#### Task details:
Filter these entries down to the lines that hold the word "forall", and show each of them.

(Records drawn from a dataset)
lemma Qmat_summation_by_parts:
  assumes quad_exact: "\<forall>f :: real poly. degree f \<le> 2*N - 1 \<longrightarrow>
                         (\<Sum>i\<le>N. w i * poly f (\<xi> i)) = integral {-1..1} (poly f)"
  shows "(\<Sum>i\<le>N. a i * (\<Sum>j\<le>N. Qmat \<xi> w N i j * b j))
           + (\<Sum>i\<le>N. b i * (\<Sum>j\<le>N. Qmat \<xi> w N i j * a j))
         = nodal_eval \<xi> N a 1 * nodal_eval \<xi> N b 1
           - nodal_eval \<xi> N a (-1) * nodal_eval \<xi> N b (-1)"
proof -
  define p where "p = nodal_poly \<xi> N a * nodal_poly \<xi> N b"
  have "degree p \<le> 2*N"
    using degree_mult_le[of "nodal_poly \<xi> N a" "nodal_poly \<xi> N b"]
      degree_nodal_poly_le[of \<xi> N a] degree_nodal_poly_le[of \<xi> N b]
    unfolding p_def by linarith
  then have exact: "(\<Sum>i\<le>N. w i * poly (pderiv p) (\<xi> i)) = integral {-1..1} (poly (pderiv p))"
    using quad_exact by (simp add: degree_pderiv)
  have "(poly (pderiv p) has_integral (poly p 1 - poly p (-1))) {-1..1}"
    by (rule fundamental_theorem_of_calculus)
       (auto simp flip: has_real_derivative_iff_has_vector_derivative
             intro!: DERIV_subset[OF poly_DERIV])
  then have ftc: "integral {-1..1} (poly (pderiv p)) = poly p 1 - poly p (-1)"
    by (rule integral_unique)
  have "(\<Sum>i\<le>N. a i * (\<Sum>j\<le>N. Qmat \<xi> w N i j * b j))
          + (\<Sum>i\<le>N. b i * (\<Sum>j\<le>N. Qmat \<xi> w N i j * a j))
        = (\<Sum>i\<le>N. w i * poly (pderiv p) (\<xi> i))"
    unfolding Qmat_bilinear_eq_quadrature sum.distrib[symmetric] p_def pderiv_mult
    by (rule sum.cong) (simp_all add: algebra_simps)
  then show ?thesis
    using exact ftc by (simp add: p_def poly_nodal_poly)
qed

text \<open>When the hat states (vh, sh) share the outgoing characteristic with the traces (v, s), the
  penalty equals Z (v - vh); this splits the face term of summation by parts into a square
  and the hat power.\<close>

lemma left_face_flux:
  fixes Z v s vh sh :: real
  assumes "Z > 0" and "Z * vh + sh = Z * v + s"
  shows "- v * s - (Z/2 * (v - vh) - (s - sh)/2) * (v - s/Z)
         = - (Z/2 * (v - vh) - (s - sh)/2)\<^sup>2 / Z - vh * sh"
proof -
  have sh: "sh = Z * v + s - Z * vh" using assms(2) by simp
  have "Z/2 * (v - vh) - (s - sh)/2 = Z * (v - vh)" by (simp add: sh field_simps)
  then show ?thesis using assms(1) by (simp add: sh field_simps power2_eq_square)
qed

lemma right_face_flux:
  fixes Z v s vh sh :: real
  assumes "Z > 0" and "Z * vh - sh = Z * v - s"
  shows "v * s - (Z/2 * (v - vh) + (s - sh)/2) * (v + s/Z)
         = - (Z/2 * (v - vh) + (s - sh)/2)\<^sup>2 / Z + vh * sh"
proof -
  have sh: "sh = Z * vh - Z * v + s" using assms(2) by simp
  have "Z/2 * (v - vh) + (s - sh)/2 = Z * (v - vh)" by (simp add: sh field_simps)
  then show ?thesis using assms(1) by (simp add: sh field_simps power2_eq_square)
qed

lemma element_energy_rate:
  assumes quad_exact: "\<forall>f :: real poly. degree f \<le> 2*N - 1 \<longrightarrow>
                         (\<Sum>i\<le>N. w i * poly f (\<xi> i)) = integral {-1..1} (poly f)"
    and Zl: "Zl > 0" and Zr: "Zr > 0"
    and eq_v: "\<forall>i\<le>N. c * (w i * rho i) * dv i = (\<Sum>j\<le>N. Qmat \<xi> w N i j * s j)
                 - poly (lagrange \<xi> N i) (-1) * F - poly (lagrange \<xi> N i) 1 * G"
    and eq_s: "\<forall>i\<le>N. c * (w i / mu i) * ds i = (\<Sum>j\<le>N. Qmat \<xi> w N i j * v j)
                 + poly (lagrange \<xi> N i) (-1) * F / Zl - poly (lagrange \<xi> N i) 1 * G / Zr"
    and F: "F = Zl/2 * (nodal_eval \<xi> N v (-1) - vl) - (nodal_eval \<xi> N s (-1) - sl)/2"
    and G: "G = Zr/2 * (nodal_eval \<xi> N v 1 - vr) + (nodal_eval \<xi> N s 1 - sr)/2"
    and char_l: "Zl * vl + sl = Zl * nodal_eval \<xi> N v (-1) + nodal_eval \<xi> N s (-1)"
    and char_r: "Zr * vr - sr = Zr * nodal_eval \<xi> N v 1 - nodal_eval \<xi> N s 1"
  shows "c * (\<Sum>i\<le>N. w i * (rho i * v i * dv i + s i * ds i / mu i))
         = - F\<^sup>2 / Zl - G\<^sup>2 / Zr - vl * sl + vr * sr"
proof -
  let ?v = "nodal_eval \<xi> N v" and ?s = "nodal_eval \<xi> N s"
  have "c * (\<Sum>i\<le>N. w i * (rho i * v i * dv i + s i * ds i / mu i))
      = (\<Sum>i\<le>N. v i * (c * (w i * rho i) * dv i)) + (\<Sum>i\<le>N. s i * (c * (w i / mu i) * ds i))"
    by (simp add: sum_distrib_left sum.distrib[symmetric] algebra_simps)
  also have "\<dots> = (\<Sum>i\<le>N. v i * ((\<Sum>j\<le>N. Qmat \<xi> w N i j * s j)
                   - poly (lagrange \<xi> N i) (-1) * F - poly (lagrange \<xi> N i) 1 * G))
                + (\<Sum>i\<le>N. s i * ((\<Sum>j\<le>N. Qmat \<xi> w N i j * v j)
                   + poly (lagrange \<xi> N i) (-1) * F / Zl - poly (lagrange \<xi> N i) 1 * G / Zr))"
    using eq_v eq_s by simp
  also have "\<dots> = ((\<Sum>i\<le>N. v i * (\<Sum>j\<le>N. Qmat \<xi> w N i j * s j))
                  + (\<Sum>i\<le>N. s i * (\<Sum>j\<le>N. Qmat \<xi> w N i j * v j)))
                - ?v (-1) * F - ?v 1 * G + ?s (-1) * F / Zl - ?s 1 * G / Zr"
    unfolding nodal_eval_def
    by (simp add: algebra_simps sum.distrib sum_subtractf sum_distrib_left sum_distrib_right
                  sum_divide_distrib)
  also have "\<dots> = (- ?v (-1) * ?s (-1) - F * (?v (-1) - ?s (-1) / Zl))
                + (?v 1 * ?s 1 - G * (?v 1 + ?s 1 / Zr))"
    unfolding Qmat_summation_by_parts[OF quad_exact] by (simp add: algebra_simps)
  also have "\<dots> = (- F\<^sup>2 / Zl - vl * sl) + (- G\<^sup>2 / Zr + vr * sr)"
    unfolding F G using left_face_flux[OF Zl char_l] right_face_flux[OF Zr char_r] by simp
  finally show ?thesis by simp
qed

text \<open>The identity 1/Z^- + 1/Z^+ = 1/\<eta> makes the power jump across an interface a multiple
  of \<tau> - \<Phi>, so it vanishes for a locked interface (\<tau> = \<Phi>).\<close>

lemma interface_power_jump:
  fixes Zm Zp p q \<tau> :: real
  assumes "Zm > 0" "Zp > 0"
  defines "\<eta> \<equiv> Zm * Zp / (Zm + Zp)"
  defines "\<Phi> \<equiv> \<eta> * (2/Zp * p - 2/Zm * q)"
  shows "\<tau> * ((2*q + \<tau>)/Zm - (2*p - \<tau>)/Zp) = \<tau> * (\<tau> - \<Phi>) / \<eta>"
proof -
  have "\<eta> > 0" using assms(1,2) by (simp add: \<eta>_def)
  have "1/Zm + 1/Zp = 1/\<eta>" using assms(1,2) by (simp add: \<eta>_def field_simps)
  have "(2*q + \<tau>)/Zm - (2*p - \<tau>)/Zp = \<tau> * (1/Zm + 1/Zp) - (2/Zp*p - 2/Zm*q)"
    using assms(1,2) by (simp add: field_simps)
  also have "\<dots> = (\<tau> - \<Phi>) / \<eta>"
    using \<open>\<eta> > 0\<close> \<open>1/Zm + 1/Zp = 1/\<eta>\<close> by (simp add: \<Phi>_def diff_divide_distrib)
  finally show ?thesis by simp
qed

lemma friction_power_jump:
  fixes \<eta> \<alpha> \<Phi> :: real
  assumes "\<eta> > 0" "\<alpha> \<ge> 0"
  shows "(\<alpha> / (\<eta> + \<alpha>) * \<Phi>) * (\<alpha> / (\<eta> + \<alpha>) * \<Phi> - \<Phi>) / \<eta>
         = - (\<alpha> / (\<eta> + \<alpha>)\<^sup>2 * \<Phi>\<^sup>2)"
proof -
  have "\<alpha> / (\<eta> + \<alpha>) * \<Phi> - \<Phi> = - (\<eta> / (\<eta> + \<alpha>) * \<Phi>)"
    using assms by (simp add: field_simps)
  then show ?thesis using assms by (simp add: power2_eq_square)
qed

lemma Zs_pos:
  "0 < nodal_eval \<xi> N (rho k) s \<Longrightarrow> 0 < nodal_eval \<xi> N (mu k) s \<Longrightarrow> 0 < Zs \<xi> N rho mu k s"
  by (simp add: Zs_def)

lemma eta_pos:
  "0 < Zs \<xi> N rho mu (k - 1) 1 \<Longrightarrow> 0 < Zs \<xi> N rho mu k (-1) \<Longrightarrow> 0 < eta \<xi> N rho mu k"
  by (simp add: eta_def)

lemma hat_left_characteristic:
  assumes "Zs \<xi> N rho mu k (-1) \<noteq> 0"
  shows "Zs \<xi> N rho mu k (-1) * v_hat_left \<xi> N rho mu \<alpha> r0 V S k + s_hat_left \<xi> N rho mu \<alpha> r0 V S k
         = Zs \<xi> N rho mu k (-1) * nodal_eval \<xi> N (V k) (-1) + nodal_eval \<xi> N (S k) (-1)"
  using assms
  by (cases "k = 1") (simp_all add: v_hat_left_def s_hat_left_def p0_def pp_def field_simps)

lemma hat_right_characteristic:
  assumes "Zs \<xi> N rho mu k 1 \<noteq> 0"
  shows "Zs \<xi> N rho mu k 1 * v_hat_right \<xi> N rho mu \<alpha> K rL V S k - s_hat_right \<xi> N rho mu \<alpha> K rL V S k
         = Zs \<xi> N rho mu k 1 * nodal_eval \<xi> N (V k) 1 - nodal_eval \<xi> N (S k) 1"
  using assms
  by (cases "k = K") (simp_all add: v_hat_right_def s_hat_right_def qL_def qm_def field_simps)

lemma hat_power_left_boundary:
  "v_hat_left \<xi> N rho mu \<alpha> r0 V S 1 * s_hat_left \<xi> N rho mu \<alpha> r0 V S 1
   = (1 - r0\<^sup>2) / Zs \<xi> N rho mu 1 (-1) * (p0 \<xi> N rho mu V S)\<^sup>2"
  by (simp add: v_hat_left_def s_hat_left_def power2_eq_square algebra_simps)

lemma hat_power_right_boundary:
  "v_hat_right \<xi> N rho mu \<alpha> K rL V S K * s_hat_right \<xi> N rho mu \<alpha> K rL V S K
   = - ((1 - rL\<^sup>2) / Zs \<xi> N rho mu K 1 * (qL \<xi> N rho mu K V S)\<^sup>2)"
  by (simp add: v_hat_right_def s_hat_right_def power2_eq_square algebra_simps diff_divide_distrib)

#### Task result:
  assumes quad_exact: "\<forall>f :: real poly. degree f \<le> 2*N - 1 \<longrightarrow>
  assumes quad_exact: "\<forall>f :: real poly. degree f \<le> 2*N - 1 \<longrightarrow>
    and eq_v: "\<forall>i\<le>N. c * (w i * rho i) * dv i = (\<Sum>j\<le>N. Qmat \<xi> w N i j * s j)
    and eq_s: "\<forall>i\<le>N. c * (w i / mu i) * ds i = (\<Sum>j\<le>N. Qmat \<xi> w N i j * v j)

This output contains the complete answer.